It’s been a bit since I sent out a newsletter. I’ve been busy with the start of the Spring semester at Texas Baptist College. I taught a winter course on Introduction to Ethics and am currently teaching two courses: Intro to Apologetics and The Church And the Digital Age. I’m also wrapping up a Bible study project for Lifeway and am about to start a new book project about which I’ll have more information soon.
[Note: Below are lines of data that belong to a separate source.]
lemma BK_kernel_has_integral:
  fixes \<alpha> x y :: real
  assumes \<alpha>: "\<alpha> \<ge> 1/2" and x: "x > 0" and y: "y > 0"
  shows "((\<lambda>z. BK_kernel \<alpha> x y z * z powr (2*\<alpha> + 1)) has_integral 1) {\<bar>x - y\<bar>..x + y}"
proof -
  define a where "a = \<bar>x - y\<bar>"
  define b where "b = x + y"
  define K where "K = BK_const \<alpha> / (x*y) powr (2*\<alpha>)"
  define h where "h = (\<lambda>z. z * ((z\<^sup>2 - a\<^sup>2) * (b\<^sup>2 - z\<^sup>2)) powr (\<alpha> - 1/2))"
  have ab: "0 \<le> a" "a < b" using x y by (auto simp: a_def b_def)
  have gap: "b\<^sup>2 - a\<^sup>2 = 4 * (x*y)" by (simp add: a_def b_def power2_eq_square algebra_simps)
  have exps: "2*(\<alpha> - 1/2) + 1 = 2*\<alpha>" "\<alpha> - 1/2 + 1 = \<alpha> + 1/2" by simp_all
  have "(h has_integral (4 * (x*y)) powr (2*\<alpha>) / 2 * Beta (\<alpha> + 1/2) (\<alpha> + 1/2)) {a..b}"
    unfolding h_def by (rule has_integral_Beta_squares[OF ab, of "\<alpha> - 1/2", unfolded exps gap]) (use \<alpha> in simp)
  hence "((\<lambda>z. K * h z) has_integral K * ((4 * (x*y)) powr (2*\<alpha>) / 2 * Beta (\<alpha> + 1/2) (\<alpha> + 1/2))) {a..b}"
    by (rule has_integral_mult_right)
  also have "K * ((4 * (x*y)) powr (2*\<alpha>) / 2 * Beta (\<alpha> + 1/2) (\<alpha> + 1/2)) = 1"
  proof -
    have "(4 * (x*y)) powr (2*\<alpha>) = 4 powr (2*\<alpha>) * (x*y) powr (2*\<alpha>)" using x y by (simp add: powr_mult)
    moreover have "(x*y) powr (2*\<alpha>) > 0" using x y by simp
    ultimately show ?thesis
      using BK_const_normalization[of \<alpha>] \<alpha> by (simp add: K_def)
  qed
  finally have K_h: "((\<lambda>z. K * h z) has_integral 1) {a..b}" .
  have interior: "BK_kernel \<alpha> x y z * z powr (2*\<alpha> + 1) = K * h z" if "z \<in> {a..b} - {a, b}" for z
  proof -
    have z: "z > 0" using that ab by auto
    have kernel: "BK_kernel \<alpha> x y z = BK_const \<alpha> * ((z\<^sup>2 - a\<^sup>2) * (b\<^sup>2 - z\<^sup>2)) powr (\<alpha> - 1/2)
                               / ((x*y) powr (2*\<alpha>) * z powr (2*\<alpha>))"
      using x y z by (simp add: BK_kernel_def a_def b_def powr_mult)
    have weight: "z powr (2*\<alpha> + 1) = z powr (2*\<alpha>) * z" using z by (simp add: powr_add)
    have cancel: "c * q / (X * Z) * (Z * w) = c / X * (w * q)" if "X > 0" "Z > 0" for c q X Z w :: real
      using that by (simp add: field_simps)
    show ?thesis
      unfolding kernel weight K_def h_def by (rule cancel) (use x y z in simp_all)
  qed
  have "((\<lambda>z. BK_kernel \<alpha> x y z * z powr (2*\<alpha> + 1)) has_integral 1) {a..b}"
    by (rule has_integral_spike_finite[of "{a, b}", OF _ interior K_h]) simp
  thus ?thesis by (simp only: a_def b_def)
qed

lemma set_borel_integral_eq_has_integral_nonneg:
  fixes f :: "real \<Rightarrow> real"
  assumes "(f has_integral I) S" "\<And>x. x \<in> S \<Longrightarrow> 0 \<le> f x" "set_borel_measurable lborel S f"
  shows "set_lebesgue_integral lborel S f = I"
proof -
  have "f absolutely_integrable_on S"
    using assms(1,2) by (intro nonnegative_absolutely_integrable_1) auto
  hence "set_integrable lborel S f"
    using integrable_completion[OF assms(3)[unfolded set_borel_measurable_def]]
    unfolding set_integrable_def by simp
  thus ?thesis
    using assms(1) set_borel_integral_eq_integral(2) integral_unique by metis
qed

lemma BK_kernel_set_integral:
  fixes \<alpha> x y :: real
  assumes "\<alpha> \<ge> 1/2" and "x > 0" and "y > 0"
  shows "set_lebesgue_integral lborel {\<bar>x - y\<bar>..x + y} (\<lambda>z. BK_kernel \<alpha> x y z * z powr (2*\<alpha> + 1)) = 1"
proof (rule set_borel_integral_eq_has_integral_nonneg)
  have "BK_const \<alpha> \<ge> 0" using assms(1) by (simp add: BK_const_def)
  thus "0 \<le> BK_kernel \<alpha> x y z * z powr (2*\<alpha> + 1)" for z by (simp add: BK_kernel_def)
qed (use BK_kernel_has_integral[OF assms] in \<open>auto simp: set_borel_measurable_def BK_kernel_def\<close>)

lemma BK_transl_eq_1:
  fixes \<alpha> x y :: real and F :: "real \<Rightarrow> real"
  assumes "\<alpha> \<ge> 1/2" and "x \<ge> 0" and "y \<ge> 0"
    and F: "\<And>z. z \<in> {\<bar>x - y\<bar>..x + y} \<Longrightarrow> F z = 1"
  shows "BK_transl \<alpha> x F y = 1"
proof -
  consider "x = 0" | "y = 0" | "x > 0" "y > 0" using assms(2,3) by fastforce
  thus ?thesis
  proof cases
    case 3
    have "set_lebesgue_integral lborel {\<bar>x - y\<bar>..x + y} (\<lambda>z. BK_kernel \<alpha> x y z * F z * z powr (2*\<alpha> + 1))
        = set_lebesgue_integral lborel {\<bar>x - y\<bar>..x + y} (\<lambda>z. BK_kernel \<alpha> x y z * z powr (2*\<alpha> + 1))"
      by (rule set_lebesgue_integral_cong) (simp_all add: F)
    thus ?thesis using 3 BK_kernel_set_integral[OF assms(1) 3] by (simp add: BK_transl_def)
  qed (use assms F in \<open>auto simp: BK_transl_def\<close>)
qed

lemma BK_omega1_eq:
  fixes \<alpha> :: real
  assumes "\<alpha> > -1"
  shows "BK_omega1 \<alpha> = 1 / (2*\<alpha> + 2)"
proof -
  let ?w = "\<lambda>y::real. y powr (2*\<alpha> + 1)"
  have on_Icc: "(?w has_integral 1 / (2*\<alpha> + 2)) {0..1}"
    using has_integral_powr_from_0[of "2*\<alpha> + 1" 1] assms by (simp add: add.assoc)
  have "negligible {y \<in> {0..<1} - {0..1}. ?w y \<noteq> 0}"
    by (rule negligible_subset[of "{}"]) auto
  moreover have "negligible {y \<in> {0..1} - {0..<1}. ?w y \<noteq> 0}"
    by (rule negligible_subset[of "{1}"]) auto
  ultimately have "(?w has_integral 1 / (2*\<alpha> + 2)) {0..<1}"
    using on_Icc has_integral_spike_set_eq[where S="{0..<1}" and T="{0..1}" and f="?w"] by blast
  thus ?thesis
    unfolding BK_omega1_def
    by (rule set_borel_integral_eq_has_integral_nonneg) (auto simp: set_borel_measurable_def)
qed

lemma BK_conv_normalized_indicator:
  fixes \<alpha> x :: real and F :: "real \<Rightarrow> real"
  assumes "BK_omega1 \<alpha> \<noteq> 0" and "\<And>y. y \<in> {0..<1} \<Longrightarrow> BK_transl \<alpha> x F y = 1"
  shows "BK_conv \<alpha> (\<lambda>y. indicator {0..<1} y / BK_omega1 \<alpha>) F x = 1"
proof -
  have "BK_conv \<alpha> (\<lambda>y. indicator {0..<1} y / BK_omega1 \<alpha>) F x
      = set_lebesgue_integral lborel {0..} (\<lambda>y. indicator {0..<1} y * (y powr (2*\<alpha> + 1) / BK_omega1 \<alpha>))"
    unfolding BK_conv_def by (rule set_lebesgue_integral_cong) (auto simp: assms(2) indicator_def)
  also have "\<dots> = set_lebesgue_integral lborel {0..<1} (\<lambda>y. y powr (2*\<alpha> + 1)) / BK_omega1 \<alpha>"
    unfolding set_lebesgue_integral_def
    by (subst integral_divide_zero [symmetric], rule Bochner_Integration.integral_cong)
       (auto simp: indicator_def)
  also have "\<dots> = 1" using assms(1) by (simp add: BK_omega1_def)
  finally show ?thesis .
qed

theorem mainTheorem11:
  fixes \<alpha> :: real and n :: nat and x :: real
  assumes "\<alpha> \<ge> 1/2" and "n \<ge> 1" and "real n - 1 \<le> x" and "x < real n"
  shows "BK_g \<alpha> n x = 1"
  unfolding BK_g_def
proof (rule BK_conv_normalized_indicator)
  show "BK_omega1 \<alpha> \<noteq> 0" using assms(1) by (simp add: BK_omega1_eq)
  fix y :: real assume y: "y \<in> {0..<1}"
  show "BK_transl \<alpha> x (if n = 1 then indicator {0..2} else indicator {real n - 2..real n + 1}) y = 1"
    by (rule BK_transl_eq_1) (use assms y in \<open>auto simp: indicator_def\<close>)
qed

end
I was also in Washington, D.C. for the March for Life. It was a wonderful time, though the weather was very wintery. The Capitol was covered in snow. Still, we all braved the elements as we always do and attended this annual event. We are in a new phase of the pro-life movement, with Roe having joined, to quote former VP Pence, “the ash heap of history.” I was encouraged by the turnout at the March. It was as crowded and spirited as ever. I had the chance to visit with my former colleagues at ERLC and there was even a Jim Harbaugh sighting. I was also invited to a pre-March event with VP Pence at his organization. He and Karen were gracious hosts and seemed committed to staying active on issues he cares about, particularly the sanctity of life.
The Dispatch also asked me to write an essay on the past and future of the pro-life movement. I was glad to do it. Here is a short excerpt:
In the fall of 1973, horrified by the Supreme Court’s Roe v. Wade decision earlier that year, a lawyer in the Labor Department organized a meeting of a small group of women in her home. Nellie Gray, a Texan and veteran of the Women’s Army Corps during World War II, worried that the anniversary of the monumental decision would pass by without being remembered. And she had reason to think so. Many considered this the end of the conversation over abortion.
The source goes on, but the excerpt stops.